Origin of Witch and Crow

I could see it coming, of course I could, as a seer, seeker of the craft.

It glimmers and blurs first, before it becomes a vision, like looking through the eyes of the Crow. 

The dark being of the dream, a glittering version of my own shiny devil. 

He dances and sweats, kicking up a nasty stench, coat-tails flying, sauntering toward me through the arid wasteland. 

If the moon grew teeth and ate all the stars, would the night grow colder, yet still be blue-black?

Waving my hand over the lake, a wand of wonder, trees grew like fingers, reaching for the Other Mother.

What kind of vessel is this so-called mother?

Is she full of love and wonder, or is she, as I suspect, a trickster, shifting with musty magic and ancient craft?

How, then, my beloveds, do we learn to wander freely into the blue-black?

Tonight, there is only one way. Climb higher now, up that strange finger-branched tree, up, up to the nest, and perch in the House of the Crow. 

Let him take you through his eyes, just for a moment, away from this stinking wasteland.

Who will know but you and your stalking devil?

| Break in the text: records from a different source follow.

(* Both kinds of improving path are treated uniformly as an "improving walk": an
   injective vertex sequence f indexed by an initial segment I of the naturals
   (I = {..<n} or I = UNIV), starting outside supp M, whose i-th edge lies in M
   exactly for odd i, and which (if it ends) ends outside supp M.

   (1) Augmentation: swapping M along an improving walk yields a matching whose
       support is supp M plus f 0, so M is not of maximal support.
   (2) Alternating walks: given a matching N with supp M strictly contained in
       supp N, start at v in supp N - supp M and alternately follow N-edges and
       M-edges.  Such a walk never revisits a vertex; it either reaches, at an odd
       step, a vertex outside supp M (a finitely improving path) or runs forever
       (an infinitely improving path). *)

lemma graph_edge_neq: "graph E \<Longrightarrow> {a, b} \<in> E \<Longrightarrow> a \<noteq> b"
  unfolding graph_def by (metis doubleton_eq_iff insert_absorb2)

lemma graph_edge_through:
  assumes "graph E" "e \<in> E" "a \<in> e"
  shows "\<exists>y. e = {a, y}"
proof -
  obtain u v where uv: "e = {u, v}" using assms(1,2) unfolding graph_def by blast
  then have "a = u \<or> a = v" using assms(3) by blast
  then show ?thesis using uv by (metis insert_commute)
qed

lemma matching_partner_unique:
  assumes "matching E X" "{a, b} \<in> X" "{a, c} \<in> X"
  shows "b = c"
proof -
  have disjoint: "\<forall>e\<in>X. \<forall>e'\<in>X. e \<noteq> e' \<longrightarrow> e \<inter> e' = {}"
    using assms(1) by (simp add: matching_def)
  have "a \<in> {a, b} \<inter> {a, c}" by simp
  then have "{a, b} = {a, c}" using disjoint[rule_format, OF assms(2,3)] by auto
  then show ?thesis by (auto simp: doubleton_eq_iff)
qed
(* Fix $\delta>0$, and for $r\in\mathbb R$ let $\mathrm A_r(\xi):=e^{\delta\langle\xi\rangle^{1/2}}\langle\xi\rangle^r$ for $\xi\in\mathbb R$. Let $s\ge1$ and $c\in(0,1)$. Then, for $\xi,\eta\in\mathbb R$: (i) if $|\xi-\eta|\le c|\eta|$, then $|\mathrm A_s(\xi)-\mathrm A_s(\eta)|\lesssim\mathrm A_{s-\frac34}(\eta)\,\mathrm A_1(\xi-\eta)\,\langle\xi\rangle^{\frac14}$; (ii) if $|\eta|\le c|\xi-\eta|$, then $|\mathrm A_s(\xi)-\mathrm A_s(\eta)|\lesssim\mathrm A_0(\eta)\,\mathrm A_s(\xi-\eta)$; (iii) if $c|\eta|\le|\xi-\eta|\le c^{-1}|\eta|$, then $|\mathrm A_s(\xi)-\mathrm A_s(\eta)|\lesssim\mathrm A_{s-1}(\eta)\,\mathrm A_1(\xi-\eta)$.
   Context: $\langle\xi\rangle=(1+|\xi|^2)^{1/2}$. Implicit constants may depend on $s$, $c$ and $\delta$ but not on $\xi,\eta$. *)

theory Defs
  imports "HOL-Analysis.Analysis"
begin

definition jb :: "real \<Rightarrow> real" where
  "jb \<xi> = sqrt (1 + \<xi>\<^sup>2)"

definition Aw :: "real \<Rightarrow> real \<Rightarrow> real \<Rightarrow> real" where
  "Aw \<delta> r \<xi> = exp (\<delta> * jb \<xi> powr (1/2)) * jb \<xi> powr r"

end

theory Submission
  imports Defs
begin

(* Write A_r(xi) = F_r(<xi>) with F_r(u) = exp (delta sqrt u) u^r and put x = <xi>, y = <eta>,
   z = <xi - eta>.  Then |x - y| <= z, and subadditivity of sqrt gives
   exp (delta sqrt x) <= exp (delta sqrt y) exp (delta sqrt z).  In regime (i) x and y are
   comparable, and the mean value theorem bounds |F_s x - F_s y| by
   exp (delta sqrt (max x y)) max(x, y)^(s - 1/2) z.  In regimes (ii) and (iii) no cancellation
   is needed: F_s x and F_s y are bounded separately, using x, y <~ z in (ii) and in addition
   x <~ y in (iii). *)

definition exp_sqrt_powr :: "real \<Rightarrow> real \<Rightarrow> real \<Rightarrow> real" where
  "exp_sqrt_powr \<delta> r u = exp (\<delta> * sqrt u) * u powr r"

lemma Aw_eq_exp_sqrt_powr_jb: "Aw \<delta> r \<xi> = exp_sqrt_powr \<delta> r (jb \<xi>)"
  unfolding Aw_def exp_sqrt_powr_def jb_def by (simp add: powr_half_sqrt)

lemma jb_ge_1: "1 \<le> jb \<xi>"
  unfolding jb_def by simp

lemma abs_le_jb: "\<bar>\<xi>\<bar> \<le> jb \<xi>"
  unfolding jb_def by (rule real_le_rsqrt) simp

(* jb is the Euclidean norm of (1, xi). *)
lemma jb_add_le: "jb (\<xi> + \<eta>) \<le> jb \<xi> + \<bar>\<eta>\<bar>"
  using real_sqrt_sum_squares_triangle_ineq[of 1 0 \<xi> \<eta>] by (simp add: jb_def)

lemma abs_jb_diff_le: "\<bar>jb \<xi> - jb \<eta>\<bar> \<le> \<bar>\<xi> - \<eta>\<bar>"
  using jb_add_le[of \<eta> "\<xi> - \<eta>"] jb_add_le[of \<xi> "\<eta> - \<xi>"] by auto

lemma jb_le_mult:
  assumes "\<bar>\<xi>\<bar> \<le> K * \<bar>\<eta>\<bar>" and "1 \<le> K"
  shows "jb \<xi> \<le> K * jb \<eta>"
proof -
  have "\<bar>\<xi>\<bar>\<^sup>2 \<le> (K * \<bar>\<eta>\<bar>)\<^sup>2"
    using assms by (intro power_mono) auto
  moreover have "1 \<le> K\<^sup>2"
    using assms by (simp add: one_le_power)
  ultimately have "1 + \<xi>\<^sup>2 \<le> K\<^sup>2 * (1 + \<eta>\<^sup>2)"
    by (simp add: power_mult_distrib algebra_simps)
  then have "sqrt (1 + \<xi>\<^sup>2) \<le> sqrt (K\<^sup>2 * (1 + \<eta>\<^sup>2))"
    by simp
  then show ?thesis
    using assms by (simp add: jb_def real_sqrt_mult)
qed

lemma exp_sqrt_le_mult:
  assumes "x \<le> y + z" "0 \<le> y" "0 \<le> z" "0 \<le> \<delta>"
  shows "exp (\<delta> * sqrt x) \<le> exp (\<delta> * sqrt y) * exp (\<delta> * sqrt z)"
proof -
  have "sqrt x \<le> sqrt (y + z)"
    using assms by simp
  also have "\<dots> \<le> sqrt y + sqrt z"
    using assms by (intro sqrt_add_le_add_sqrt)
  finally have "\<delta> * sqrt x \<le> \<delta> * sqrt y + \<delta> * sqrt z"
    using assms by (metis distrib_left mult_left_mono)
  then show ?thesis
    by (simp flip: exp_add)
qed

lemma exp_sqrt_powr_nonneg: "0 \<le> exp_sqrt_powr \<delta> r u"
  unfolding exp_sqrt_powr_def by simp

lemma exp_sqrt_powr_le_mult:
  assumes "x \<le> y + z" "0 \<le> y" "0 \<le> z" "0 \<le> \<delta>"
  shows "exp_sqrt_powr \<delta> s x \<le> exp (\<delta> * sqrt y) * exp (\<delta> * sqrt z) * x powr s"
  unfolding exp_sqrt_powr_def using assms by (intro mult_right_mono exp_sqrt_le_mult) auto

lemma has_real_derivative_exp_sqrt_powr:
  assumes "0 < w"
  shows "(exp_sqrt_powr \<delta> s has_real_derivative
           exp (\<delta> * sqrt w) * (\<delta> / 2 * w powr (s - 1/2) + s * w powr (s - 1))) (at w)"
proof -
  have h: "w powr (s - 1/2) = w powr s / sqrt w"
    using assms by (simp add: powr_diff powr_half_sqrt)
  show ?thesis
    unfolding exp_sqrt_powr_def[abs_def] h
    using assms by (auto intro!: derivative_eq_intros simp: field_simps)
qed

lemma exp_sqrt_powr_lipschitz:
  assumes "1 \<le> x" "1 \<le> y" "0 \<le> \<delta>" "1/2 \<le> s"
  defines "m \<equiv> max x y"
  shows "\<bar>exp_sqrt_powr \<delta> s x - exp_sqrt_powr \<delta> s y\<bar>
           \<le> (\<delta> / 2 + s) * exp (\<delta> * sqrt m) * m powr (s - 1/2) * \<bar>x - y\<bar>"
proof -
  define D where "D w = exp (\<delta> * sqrt w) * (\<delta> / 2 * w powr (s - 1/2) + s * w powr (s - 1))" for w
  have "\<bar>D w\<bar> \<le> (\<delta> / 2 + s) * exp (\<delta> * sqrt m) * m powr (s - 1/2)" if "w \<in> {1..m}" for w
  proof -
    have w: "1 \<le> w" "w \<le> m"
      using that by auto
    have "\<delta> / 2 * w powr (s - 1/2) + s * w powr (s - 1) \<le> (\<delta> / 2 + s) * w powr (s - 1/2)"
      using w assms by (simp add: distrib_right mult_left_mono powr_mono)
    also have "\<dots> \<le> (\<delta> / 2 + s) * m powr (s - 1/2)"
      using w assms by (intro mult_left_mono powr_mono2) auto
    finally have "D w \<le> exp (\<delta> * sqrt m) * ((\<delta> / 2 + s) * m powr (s - 1/2))"
      unfolding D_def using w assms by (intro mult_mono) (auto intro: mult_left_mono)
    moreover have "0 \<le> D w"
      unfolding D_def using assms by simp
    ultimately show ?thesis
      by (simp add: mult_ac)
  qed
  moreover have "(exp_sqrt_powr \<delta> s has_real_derivative D w) (at w within {1..m})" if "w \<in> {1..m}" for w
    unfolding D_def
    by (rule has_field_derivative_at_within, rule has_real_derivative_exp_sqrt_powr) (use that in auto)
  ultimately show ?thesis
    using assms by (intro field_differentiable_bound[of "{1..m}", simplified]) auto
qed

What trick can I offer this old, bloated devil?

The fetid, rotting bones of my ugliest mother.

Will we use her rot to feed him in the barren flats of the dusty, sun-bleached wasteland?

We will. We will. We will. We caw. We, of this magical craft. 

With a pinch of salt, a lick of spit, and gift from King Crow 

A fine, fine gift, a shapeshifting feather of iridescent, sparkling moon-kissed blue-black. 

The devil agrees to stay but takes his price. My heart shifts as it beats from pink to blue-black.

Cuts made jagged and deep, blood pooling in my eyes and mouth, knife held by the devil. 

“Caw, that’s enough!” says King Crow. 

Stops the devil in his tracks and he fades back. King Crow turns to me and says, “Whose Queen are you anyway? You are no Mother.”

I hunch down and pop up, and rattle in my best Crow-speak, fluttering my figmental wings. I spin three times on my dirty bare heel, braiding the threads of my time-weaving craft. 

“So,” says King Crow, “you are familiar with us here in the wasteland?”

“Now, you are seeing, seer,” I coo in my best Crow. “Now you are seeking, seeker. We all are born through this wasteland.”

Back, back, we dance, we weave, back into the future of the new Blue-Black. 

“Take threads from this nest,” I offer King Crow, “to weave our blue-black fates. This is the last of this old, strange craft.”

“Don’t tell your devil.”

“Don’t tell your mother.”

“It’s a deal, witch. Your secrets and your soul die with me,” said King Crow. 


“Wise, kind friend, thank you,” I say with a nod. “It’s a deal, Crow.”

With a bob of our silvery crowns and a twist of old threads made new, the deal was done. Back through the wasteland. 

Back to the other mother. 

Back to the cold, starless blue-black. 

Never, never back to that old bone-eating devil. 

It’s not the only devil you know. Smoke, lightning, spit, salt, and craft. 


This blue-black Crow King swapped my eyes with his. And so it is. 

We left the devil in the wasteland dust of his own making. Eye for an Eye. Tooth for a Tooth. And so it is. 

We stand in a lush place now. We do not look back. It’s all New Mother and Old Craft. And so it is.